(Stored items)
(* Let $C\geq 1$ and $n\ge 2$. Let $x_1<\dots<x_n$, $y_1<\dots<y_n$, $p_1<\dots<p_n$ be real numbers, and write $\Delta x_i=x_{i+1}-x_i$, $\Delta y_i=y_{i+1}-y_i$, $\Delta p_i=p_{i+1}-p_i$ for $1\le i\le n-1$. Suppose that for all $1\le i\le n-1$, \[ C^{-1}\Delta x_i\le \Delta p_i\le C\Delta x_i \quad\text{and}\quad C^{-1}\Big(p_{i+1}-\tfrac{\Delta y_i}{\Delta x_i}\Big)\le \tfrac{\Delta y_i}{\Delta x_i}-p_i\le C\Big(p_{i+1}-\tfrac{\Delta y_i}{\Delta x_i}\Big). \] Then there is a constant $K\ge1$ depending only on $C$ such that: (a) There exists a strictly convex $C^1$ function $f$ on $[x_1,x_n]$ with $f(x_i)=y_i$ and $f'(x_i)=p_i$ for all $i$, such that $f'$ is piecewise linear and each linear piece of $f'$ has slope in $[K^{-1},K]$. (b) Letting $D$ be $\frac{\pi}{4}$ times the infimum of the slopes of the linear pieces of $f'$ for the function $f$ in (a), the function $f$ can be modified to a convex $C^2$ function $g$ on $[x_1,x_n]$ with $g(x_i)=y_i$, $g'(x_i)=p_i$ and $g''(x_i)=D$ for all $i$, and $K^{-1}\le g''(x)\le K$ for all $x\in(x_1,x_n)$. *)

theory Defs
  imports "HOL-Analysis.Analysis"
begin

definition strict_convex_on :: "real set \<Rightarrow> (real \<Rightarrow> real) \<Rightarrow> bool" where
  "strict_convex_on S f \<longleftrightarrow> convex S \<and>
     (\<forall>x\<in>S. \<forall>y\<in>S. x \<noteq> y \<longrightarrow> (\<forall>u. 0 < u \<and> u < 1 \<longrightarrow>
        f (u * x + (1 - u) * y) < u * f x + (1 - u) * f y))"

end

theory Submission
  imports Defs
begin

text \<open>
  On each interval [x_i, x_{i+1}] of length h let q be the secant slope and
  \<alpha> = q - p_i, \<beta> = p_{i+1} - q. The derivative f' is made piecewise linear: it rises from p_i
  to p_i + \<alpha> on a first subinterval of length l and from there to p_{i+1} on the rest. Choosing
  l = h \<beta> / (\<alpha> + \<beta>) gives \<alpha> l = \<beta> (h - l), which is exactly the condition that f' has
  mean value q, so f interpolates the values as well as the slopes. The slopes of f' are
  (\<alpha>/\<beta>)((\<alpha>+\<beta>)/h) and (\<beta>/\<alpha>)((\<alpha>+\<beta>)/h), and the hypotheses bound both factors by C,
  so they lie in [1/C^2, C^2]; strict convexity follows since f' is strictly increasing.

  For the C^2 function, each quadratic piece of f, with f'' = s on an interval [a, a + L], is
  perturbed by (s - D) / \<omega>^2 (cos (\<omega> (t - a)) - 1) with \<omega> = 2\<pi> / L. The perturbation
  vanishes with its derivative at both ends, so values and slopes at the knots are kept, and the
  second derivative becomes s - (s - D) cos (\<omega> (t - a)), which is continuous, equals D at every
  knot and lies between D and 2 s. Hence K = 2 C^2 works.
\<close>

section \<open>Gluing functions along a knot sequence\<close>

fun glue :: "(nat \<Rightarrow> real \<Rightarrow> real) \<Rightarrow> (nat \<Rightarrow> real) \<Rightarrow> nat \<Rightarrow> real \<Rightarrow> real" where
  "glue \<phi> a 0 t = \<phi> 0 t"
| "glue \<phi> a (Suc m) t = (if t \<le> a m then glue \<phi> a m t else \<phi> m t)"

definition pieces_join :: "(nat \<Rightarrow> real \<Rightarrow> real) \<Rightarrow> (nat \<Rightarrow> real) \<Rightarrow> (nat \<Rightarrow> real) \<Rightarrow> nat \<Rightarrow> bool" where
  "pieces_join \<phi> a V m \<longleftrightarrow>
     (\<forall>j<m. a j < a (Suc j) \<and> \<phi> j (a j) = V j \<and> \<phi> j (a (Suc j)) = V (Suc j))"

lemma pieces_join_Suc:
  "pieces_join \<phi> a V (Suc m) \<longleftrightarrow> pieces_join \<phi> a V m \<and>
     a m < a (Suc m) \<and> \<phi> m (a m) = V m \<and> \<phi> m (a (Suc m)) = V (Suc m)"
  by (auto simp: pieces_join_def less_Suc_eq)

lemma pieces_join_knots_mono:
  assumes "pieces_join \<phi> a V m" and "i \<le> k" and "k \<le> m"
  shows "a i \<le> a k"
  using assms(2,3)
proof (induction k rule: dec_induct)
  case (step l)
  then have "a l < a (Suc l)"
    using assms by (simp add: pieces_join_def)
  with step show ?case by simp
qed simp

lemma glue_at_last_knot:
  assumes "pieces_join \<phi> a V (Suc m)"
  shows "glue \<phi> a m (a m) = \<phi> m (a m)"
proof (cases m)
  case (Suc k)
  with assms show ?thesis
    by (simp add: pieces_join_Suc)
qed simp

lemma glue_eq_piece:
  assumes "pieces_join \<phi> a V m" and "j < m" and "t \<in> {a j..a (Suc j)}"
  shows "glue \<phi> a m t = \<phi> j t"
  using assms
proof (induction m arbitrary: j t)
  case (Suc k)
  have join: "pieces_join \<phi> a V k"
    using Suc.prems(1) by (simp add: pieces_join_Suc)
  show ?case
  proof (cases "j < k")
    case True
    then have "t \<le> a k"
      using Suc.prems(3) pieces_join_knots_mono[OF join, of "Suc j" k] by simp
    with Suc.IH[OF join True Suc.prems(3)] show ?thesis by simp
  next
    case False
    with Suc.prems(2) have "j = k"
      by simp
    moreover from this Suc.prems(3) have "a k \<le> t"
      by simp
    ultimately show ?thesis
      using glue_at_last_knot[OF Suc.prems(1)] by (cases "t = a k") simp_all
  qed
qed simp

lemma glue_at_knot:
  assumes "pieces_join \<phi> a V m" and "0 < m" and "j \<le> m"
  shows "glue \<phi> a m (a j) = V j"
proof (cases "j < m")
  case True
  with assms(1) have "a j \<le> a (Suc j)" "\<phi> j (a j) = V j"
    by (simp_all add: pieces_join_def less_imp_le)
  with glue_eq_piece[OF assms(1) True] show ?thesis by simp
next
  case False
  with assms(2,3) obtain k where k: "m = Suc k" "j = Suc k"
    by (metis Suc_pred' le_neq_implies_less)
  with assms(1) have "a k \<le> a (Suc k)" "\<phi> k (a (Suc k)) = V (Suc k)"
    by (simp_all add: pieces_join_def less_imp_le)
  with glue_eq_piece[OF assms(1), of k "a j"] k show ?thesis by simp
qed

lemma glue_piece_cases:
  assumes "pieces_join \<phi> a V m" and "0 < m" and "t \<in> {a 0..a m}"
  obtains j where "j < m" "t \<in> {a j..a (Suc j)}" "glue \<phi> a m t = \<phi> j t"
proof -
  have "\<exists>j<m. t \<in> {a j..a (Suc j)}"
    using assms
  proof (induction m)
    case (Suc k)
    show ?case
    proof (cases "0 < k \<and> t \<le> a k")
      case True
      with Suc show ?thesis
        by (auto simp: pieces_join_Suc less_Suc_eq)
    next
      case False
      with Suc.prems show ?thesis
        by (auto simp: pieces_join_Suc intro!: exI[of _ k])
    qed
  qed simp
  with assms(1) that glue_eq_piece show ?thesis by blast
qed

lemma has_real_derivative_if_le:
  fixes f g :: "real \<Rightarrow> real"
  assumes "l \<le> b" and "b \<le> r"
    and f: "\<And>t. t \<in> {l..b} \<Longrightarrow> (f has_real_derivative f' t) (at t within {l..b})"
    and g: "\<And>t. t \<in> {b..r} \<Longrightarrow> (g has_real_derivative g' t) (at t within {b..r})"
    and "f b = g b" and "f' b = g' b" and t: "t \<in> {l..r}"
  shows "((\<lambda>t. if t \<le> b then f t else g t) has_real_derivative (if t \<le> b then f' t else g' t))
           (at t within {l..r})"
proof -
  have touch: "closure {l..b} \<inter> closure {b..r} = {b}" and cover: "{l..b} \<union> {b..r} = {l..r}"
    using assms(1,2) by auto
  have "((\<lambda>t. if t \<in> {l..b} then f t else g t) has_derivative
      (if t \<in> {l..b} then (*) (f' t) else (*) (g' t))) (at t within {l..b} \<union> {b..r})"
    by (rule has_derivative_If_within_closures)
      (use f g t assms(1,2,5,6) in \<open>auto simp: touch cover has_field_derivative_def insert_absorb\<close>)
  then have "((\<lambda>t. if t \<in> {l..b} then f t else g t) has_real_derivative
      (if t \<le> b then f' t else g' t)) (at t within {l..r})"
    using t by (auto simp: cover has_field_derivative_def split: if_splits)
  then show ?thesis
    by (rule has_field_derivative_transform_within[OF _ zero_less_one t]) auto
qed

## WORK TASK
Begin with the line above that has "(nat \<Rightarrow> real) \<Rightarrow> (nat" and continue through the line that has "V m \<longleftrightarrow>", setting each one down exactly. Stop there.

## OUTPUT FOR THIS EXERCISE
definition pieces_join :: "(nat \<Rightarrow> real \<Rightarrow> real) \<Rightarrow> (nat \<Rightarrow> real) \<Rightarrow> (nat \<Rightarrow> real) \<Rightarrow> nat \<Rightarrow> bool" where
  "pieces_join \<phi> a V m \<longleftrightarrow>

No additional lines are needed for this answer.